The longest-lived genetically engineered mice are those in which growth hormone or growth hormone receptors have been diminished or removed entirely. This review looks at some of what is know about the mechanisms involved in this extended life:
Studies in mutant, gene knock-out and transgenic mice have demonstrated that growth hormone (GH) signalling has a major impact on ageing and longevity. Growth hormone-resistant and GH-deficient animals live much longer than their normal siblings, while transgenic mice overexpressing GH are short lived.

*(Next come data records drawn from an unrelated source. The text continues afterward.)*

lemma graph_complete:
  assumes A_closed: "closed_op ip0 ip1 A"
  shows "graph.complete_subspace (Domain A)"
  unfolding graph.complete_subspace_def
proof (intro conjI allI impI ballI subset_refl Domain_zero[OF A] Domain_add[OF A] Domain_scale[OF A])
  fix X :: "nat \<Rightarrow> 'a"
  assume XA: "\<forall>n. X n \<in> Domain A"
    and cau: "\<forall>e>0. \<exists>N. \<forall>m\<ge>N. \<forall>n\<ge>N. inorm (gip ip0 ip1 A) (X m - X n) < e"
  obtain x where x: "(\<lambda>n. inorm ip0 (X n - x)) \<longlonglongrightarrow> 0"
    using cHilbert_Cauchy_convergent[OF H0 Cauchy_if_dominated[OF cau norm_le_graph_norm]] by blast
  have "\<forall>e>0. \<exists>N. \<forall>m\<ge>N. \<forall>n\<ge>N. inorm ip1 (opap A (X m) - opap A (X n)) < e"
    using Cauchy_if_dominated[OF cau norm_opap_le_graph_norm] opap_diff[OF A] XA by simp
  from cHilbert_Cauchy_convergent[OF H1 this]
  obtain y where y: "(\<lambda>n. inorm ip1 (opap A (X n) - y)) \<longlonglongrightarrow> 0" by blast
  have "(x, y) \<in> A"
    using A_closed[unfolded closed_op_def, rule_format, of X "\<lambda>n. opap A (X n)" x y] x y opap_mem[OF A] XA
    by blast
  then have xA: "x \<in> Domain A" and Ax: "opap A x = y" using opap_eq[OF A] by auto
  have "inorm (gip ip0 ip1 A) (X n - x) \<le> inorm ip0 (X n - x) + inorm ip1 (opap A (X n) - y)" for n
    using graph_norm_le[of A "X n - x"] opap_diff[OF A] XA xA Ax by simp
  moreover have lim: "(\<lambda>n. inorm ip0 (X n - x) + inorm ip1 (opap A (X n) - y)) \<longlonglongrightarrow> 0"
    using tendsto_add[OF x y] by simp
  ultimately have "(\<lambda>n. inorm (gip ip0 ip1 A) (X n - x)) \<longlonglongrightarrow> 0"
    by (intro tendsto_sandwich[OF _ _ tendsto_const lim] always_eventually allI graph.nrm_nonneg)
      (use XA xA Domain_add Domain_scale graph.V_diff in auto)
  then show "\<exists>L\<in>Domain A. (\<lambda>n. inorm (gip ip0 ip1 A) (X n - L)) \<longlonglongrightarrow> 0" using xA by blast
qed

lemma graph_representation:
  assumes A_closed: "closed_op ip0 ip1 A"
  shows "\<exists>u\<in>Domain A. \<forall>v\<in>Domain A. ip0 v x + ip1 (opap A v) y = gip ip0 ip1 A v u"
proof (rule graph.riesz_representation[OF graph_complete[OF A_closed],
      where K = "inorm ip0 x + inorm ip1 y"])
  fix v w assume "v \<in> Domain A" "w \<in> Domain A"
  then show "ip0 (v + w) x + ip1 (opap A (v + w)) y
      = (ip0 v x + ip1 (opap A v) y) + (ip0 w x + ip1 (opap A w) y)"
    using opap_add[OF A] by (simp add: h0.ip_add_left h1.ip_add_left)
next
  fix c v assume "v \<in> Domain A"
  then show "ip0 (sc0 c v) x + ip1 (opap A (sc0 c v)) y = c * (ip0 v x + ip1 (opap A v) y)"
    using opap_scale[OF A] by (simp add: h0.ip_scale_left h1.ip_scale_left distrib_left)
next
  fix v
  have "cmod (ip0 v x + ip1 (opap A v) y) \<le> inorm ip0 v * inorm ip0 x + inorm ip1 (opap A v) * inorm ip1 y"
    using h0.cauchy_schwarz[of v x] h1.cauchy_schwarz[of "opap A v" y]
    by (intro order_trans[OF norm_triangle_ineq add_mono]) auto
  also have "\<dots> \<le> inorm (gip ip0 ip1 A) v * inorm ip0 x + inorm (gip ip0 ip1 A) v * inorm ip1 y"
    by (intro add_mono mult_right_mono norm_le_graph_norm norm_opap_le_graph_norm)
      (simp_all add: h0.nrm_nonneg h1.nrm_nonneg)
  finally show "cmod (ip0 v x + ip1 (opap A v) y) \<le> (inorm ip0 x + inorm ip1 y) * inorm (gip ip0 ip1 A) v"
    by (simp add: algebra_simps)
qed

lemma closed_op_adjoint_adjoint:
  assumes A_closed: "closed_op ip0 ip1 A" and xy: "(x, y) \<in> adjoint_op ip1 ip0 (adjoint_op ip0 ip1 A)"
  shows "(x, y) \<in> A"
proof -
  obtain u where u: "u \<in> Domain A"
    and rep: "\<And>v. v \<in> Domain A \<Longrightarrow> ip0 v x + ip1 (opap A v) y = gip ip0 ip1 A v u"
    using graph_representation[OF A_closed] by blast
  define x' y' where "x' = x - u" and "y' = y - opap A u"
  \<comment> \<open>(x', y') is orthogonal to the graph of A, while (x, y) in A** lets it pair with itself.\<close>
  have orth: "ip1 w y' = ip0 v (- x')" if vw: "(v, w) \<in> A" for v w
  proof -
    have "ip0 v x + ip1 w y = ip0 v u + ip1 w (opap A u)"
      using rep[of v] opap_eq[OF A vw] vw unfolding gip_def by auto
    then show ?thesis unfolding x'_def y'_def
      by (simp add: h0.ip_diff_right h1.ip_diff_right h0.ip_minus_right algebra_simps)
  qed
  then have adj: "(y', - x') \<in> adjoint_op ip0 ip1 A" by (rule mem_adjoint_opI)
  have "ip0 (- x') x = ip1 y' y" by (rule mem_adjoint_opD[OF xy adj])
  moreover have "ip0 (- x') u = ip1 y' (opap A u)"
  proof -
    have "ip1 (opap A u) y' = ip0 u (- x')" using orth opap_mem[OF A u] by blast
    then show ?thesis using h0.ip_conj_sym[of u "- x'"] h1.ip_conj_sym[of "opap A u" y'] by simp
  qed
  ultimately have "ip0 (- x') x' = ip1 y' y'"
    unfolding x'_def y'_def by (simp add: h0.ip_diff_right h1.ip_diff_right)
  then have "ip1 y' y' = - ip0 x' x'" by (simp add: h0.ip_minus_left)
  then have "Re (ip1 y' y') = - Re (ip0 x' x')" by simp
  then have "Re (ip0 x' x') = 0" "Re (ip1 y' y') = 0"
    using h0.ip_self_nonneg[of x'] h1.ip_self_nonneg[of y'] by auto
  then have "x' = 0" "y' = 0" using h0.ip_self_pos[of x'] h1.ip_self_pos[of y'] by force+
  then show ?thesis using opap_mem[OF A u] unfolding x'_def y'_def by simp
qed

Actions of GH in juvenile animals appear to be particularly important for life extension and responsible for various phenotypic characteristics of long-lived hypopituitary mutants. Available evidence indicates that reduced GH signalling is linked to extended longevity by multiple interacting mechanisms including increased stress resistance, reduced growth, altered profiles of cytokines produced by the adipose tissue, and various metabolic adjustments such as enhanced insulin sensitivity, increased oxygen consumption (VO2/g) and reduced respiratory quotient.
The effects of removing visceral fat indicate that increased levels of adiponectin and reduced levels of pro-inflammatory cytokines in GH-resistant mice are responsible for their increased insulin sensitivity. Increased VO2 apparently represents increased energy expenditure for thermogenesis, because VO2 of mutant and normal mice does not differ at thermoneutral temperature.
Recent studies identified GH- and IGF-1-dependent maintenance of bone marrow populations of very small embryonic-like stem cells (VSELs) as another likely mechanism of delayed ageing and increased longevity of GH-deficient and GH-resistant animals. Many of the physiological characteristics of long-lived, GH-related mouse mutants are shared by exceptionally long-lived people and by individuals genetically predisposed to longevity.